Домой я шел с одним желанием — лечь и подумать: опять о резервах времени, о Бровариче и его предложениях. Действительно, думал я, надо за всем внимательно понаблюдать и все прохронометрировать — и при работе с макетом, и при работе со штатной ракетой. Броварич подметил тонко: съезжая с аппарели к установке, транспортно-заряжающая машина останавливается не всегда точно, и даже десяток сантиметров играет тут определенную роль. А если будет какой-то заметный для водителя (речь в основном о водителях молодых, еще не привыкших к делу) ограничитель или указатель, что надо остановить ТЗМ именно тут, впритирочку, то не нужно будет ни подавать машину вперед, ни сдавать назад. И насчет мостков тоже: если есть возможность и допускает ширина въездной аппарели, почему бы не передвинуть их ближе к установке? Это избавит расчет от своеобразной подгонки при переводе ракеты на балку пусковой стрелы. Всякая подгонка — это нервотрепка и затраченное время, а напрасно затраченная секунда — это почти полкилометра для цели, летящей с некоторым превышением скорости звука. А десять секунд? А тридцать? За тридцать секунд звук проходит почти десять километров! Надо учить водителей без промедления убирать ТЗМ из зоны вращения установки.
Оба окошка у нас в комнате светились. Когда я вошел, Моложаев лежал на своей койке с книжкой в руках, а Нагорный, развалясь на клеенчатом казенном диванчике и по-американски положив скрещенные ноги на табуретку, крутил настройку «Океана», из которого выплескивались то звуки джаза, то какие-то голоса, говорящие по-английски и по-немецки, тягучая восточная песня, какие-то позывные…
— Поздновато возвращаетесь, — чуть приглушив приемник, небрежно, но вполне дружелюбно заметил Нагорный, когда я начал снимать китель. — Это на вас что-то не похоже. Между прочим, Сергей Сергеич, — повернулся Нагорный к Моложаеву, — ты среди своих формул и схем наверняка не заметил, а я… поскольку я весьма близко общаюсь по службе с нашим новым молодым товарищем лейтенантом Игнатьевым, то я должен тебе сказать… наш дорогой сосед может далеко-о-о пойти, если его вовремя не остановить… Он у нас оч-чень деловой человек!
— Хватит! — сказал я. — Закругляйся.
— А романчик свой сегодня что — не пишете? — спросил Нагорный после паузы.
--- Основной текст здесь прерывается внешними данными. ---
lemma gauss_sum_row_substitution:
  assumes "p > 2" and "a < p"
  shows "(\<Sum>b<p. of_int (quadratic_char p a * quadratic_char p b) * z ^ (a + b))
       = (\<Sum>t<p. of_int (quadratic_char p t) * z ^ (a * (1 + t)))"
proof (cases "a = 0")
  case True
  then show ?thesis
    using sum_quadratic_char[OF prime_p assms(1)] quadratic_char_eq_0_iff[of p 0]
    by (simp flip: of_int_sum)
next
  case False
  then have "\<not> p dvd a" using assms(2) by (auto dest: dvd_imp_le)
  then have unit: "quadratic_char p a * quadratic_char p a = 1"
    using quadratic_char_cases[of p a] quadratic_char_eq_0_iff[of p a] by auto
  have "(\<Sum>b<p. of_int (quadratic_char p a * quadratic_char p b) * z ^ (a + b))
      = (\<Sum>t<p. of_int (quadratic_char p a * quadratic_char p (a * t mod p)) * z ^ (a + a * t mod p))"
    using sum.reindex_bij_betw[OF bij_betw_mult_mod[OF prime_p assms(1) \<open>\<not> p dvd a\<close>],
        of "\<lambda>b. of_int (quadratic_char p a * quadratic_char p b) * z ^ (a + b)"]
    by simp
  also have "\<dots> = (\<Sum>t<p. of_int (quadratic_char p t) * z ^ (a * (1 + t)))"
  proof (intro sum.cong refl)
    fix t
    have "quadratic_char p a * quadratic_char p (a * t mod p) = quadratic_char p t"
      by (simp add: quadratic_char_mod quadratic_char_mult[OF prime_p assms(1)] unit
          flip: mult.assoc)
    moreover have "z ^ (a + a * t mod p) = z ^ (a * (1 + t))"
      by (rule pow_cong) (simp add: mod_add_right_eq distrib_left)
    ultimately show "of_int (quadratic_char p a * quadratic_char p (a * t mod p)) * z ^ (a + a * t mod p)
        = of_int (quadratic_char p t) * z ^ (a * (1 + t))"
      by simp
  qed
  finally show ?thesis .
qed

lemma gauss_sum_squared:
  assumes "p mod 4 = 1"
  shows "gauss_sum\<^sup>2 = of_nat p"
proof -
  have p_gt_2: "p > 2"
    using assms prime_ge_2_nat[OF prime_p] by (cases "p = 2") auto
  have p_dvd_iff: "p dvd 1 + t \<longleftrightarrow> t = p - 1" if "t < p" for t
    using that p_gt_2 by (auto dest: dvd_imp_le)
  have "gauss_sum\<^sup>2 = (\<Sum>a<p. \<Sum>b<p. of_int (quadratic_char p a * quadratic_char p b) * z ^ (a + b))"
    unfolding gauss_sum_def power2_eq_square sum_product by (simp add: power_add mult_ac)
  also have "\<dots> = (\<Sum>a<p. \<Sum>t<p. of_int (quadratic_char p t) * z ^ (a * (1 + t)))"
    using gauss_sum_row_substitution[OF p_gt_2] by simp
  also have "\<dots> = (\<Sum>t<p. of_int (quadratic_char p t) * (\<Sum>a<p. z ^ (a * (1 + t))))"
    by (subst sum.swap) (simp add: sum_distrib_left)
  also have "\<dots> = (\<Sum>t<p. if t = p - 1 then of_int (quadratic_char p t) * of_nat p else 0)"
  proof (intro sum.cong refl)
    fix t assume "t \<in> {..<p}"
    then show "of_int (quadratic_char p t) * (\<Sum>a<p. z ^ (a * (1 + t)))
        = (if t = p - 1 then of_int (quadratic_char p t) * of_nat p else 0)"
      unfolding sum_pow_mult using p_dvd_iff[of t] by simp
  qed
  also have "\<dots> = of_nat p"
    using p_gt_2 quadratic_char_minus_1[OF prime_p p_gt_2 assms] by simp
  finally show ?thesis .
qed
theorem lemma3:
  fixes f :: "'k::field_char_0 dpoly_over" and n :: nat
  assumes vars: "\<forall>m\<in>Poly_Mapping.keys f. \<forall>v\<in>Poly_Mapping.keys m. 1 \<le> fst v \<and> fst v \<le> n"
    and nonzero: "\<exists>m. \<not> D2_zero (Poly_Mapping.lookup f m)"
  shows "\<exists>a. (\<forall>i\<in>{1..n}. a i \<in> kplus) \<and> \<not> D2_zero (deval f a)"
proof -
  obtain m0 where m0: "Poly_Mapping.lookup f m0 \<notin> dideal_x2"
    using nonzero by (auto simp: D2_zero_def)
  have "finite (\<Union>m\<in>Poly_Mapping.keys f. \<Union>M\<in>Poly_Mapping.keys (Poly_Mapping.lookup f m).
      Poly_Mapping.keys M)" by simp
  then obtain L where L: "\<forall>m\<in>Poly_Mapping.keys f. \<forall>M\<in>Poly_Mapping.keys (Poly_Mapping.lookup f m).
      \<forall>i\<in>Poly_Mapping.keys M. i < L"
    by (blast dest: finite_nat_bounded)
  have "finite ((\<lambda>(m, M). total_degree M + total_degree m)
      ` (SIGMA m:Poly_Mapping.keys f. Poly_Mapping.keys (Poly_Mapping.lookup f m)))" by simp
  then obtain D where D: "\<forall>m\<in>Poly_Mapping.keys f. \<forall>M\<in>Poly_Mapping.keys (Poly_Mapping.lookup f m).
      total_degree M + total_degree m \<le> D"
    by (blast dest: finite_nat_bounded intro: less_imp_le)
  have "finite (snd ` (\<Union>m\<in>Poly_Mapping.keys f. Poly_Mapping.keys m))" by simp
  then obtain J where J: "\<forall>m\<in>Poly_Mapping.keys f. \<forall>v\<in>Poly_Mapping.keys m. snd v < J"
    by (blast dest: finite_nat_bounded)
  have "\<forall>m\<in>Poly_Mapping.keys f. \<forall>v\<in>Poly_Mapping.keys m. 1 \<le> fst v \<and> snd v < L + D + J"
    using vars J by (meson trans_less_add2)
  then have "deval f (\<lambda>i. dvar ((L + D + J) * i)) \<notin> dideal_x2"
    by (rule deval_dvar_scaled_notin_dideal_x2[OF _ m0 L D]) simp
  then have "(\<forall>i\<in>{1..n}. dvar ((L + D + J) * i) \<in> kplus)
      \<and> \<not> D2_zero (deval f (\<lambda>i. dvar ((L + D + J) * i)))"
    by (simp add: D2_zero_def dvar_in_kplus)
  then show ?thesis
    by (intro exI[where x = "\<lambda>i. dvar ((L + D + J) * i)"])
qed

end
— Настроения нет. Лучше поспать.
— Правильно, хлопцы, — сказал, подмигнув мне, Моложаев. — Точно: пора спать. Я тоже закругляюсь. А то ночью поднимут, тогда и попрыгаем, как сонные мухи.
Спать так спать, хотя я был уверен, что сразу не усну. Мне было очень неприятно, что у меня не складываются отношения с коллегой — таким же командиром взвода, как и я, а это, был я убежден, очень и очень плохо. Потому что товарищ в армии — это дважды товарищ.
РИСК — БЛАГОРОДНОЕ ДЕЛО
В эту ночь нас не подняли — подняли в следующую, и я за эти сутки успел не только все обдумать, но и кое-что сделать — в смысле осуществления высказанных Броваричем идей. Мы на своих площадках поставили перед выездными аппарелями чуть заметные указатели, разъяснив суть дела водителям ТЗМ, и ближе к установкам передвинули мостки — это такие специальные металлические плиты, на которые при заряжании установки должны точно попадать колеса транспортно-заряжающей машины, чтобы потом направляющие на балке пусковой стрелы точно приняли на себя ракету.. Смысл нашей затеи я видел не только в том, что дивизион мог быть готовым к поражению целей на более дальней дистанции, но прежде всего, пожалуй, в том, что ранняя готовность расчета, заряжающего установку, позволит расчетам КП и СНР работать более спокойно, даже с некоторым запасом времени. Объяснил я все это, кажется, довольно сумбурно, но о главном я, по-моему, все-таки сказал: каждая сэкономленная стартовым расчетом секунда увеличивает боеготовность и боеспособность всего комплекса.
В эту ночь мы работали автономно и как обычно — и по скоростным и по низколетящим целям. Я точно не могу сказать, «скооперировались» ли с нами соседи-авиаторы (погода была вполне летной) или цели нам задавал имитатор (низколетящие и скоростные цели наверняка задавал он), но все шло нормально, и мои ребята даже несколько опережали самих себя, хотя и едва укладывались в норматив — поскольку работали со штатной боевой ракетой.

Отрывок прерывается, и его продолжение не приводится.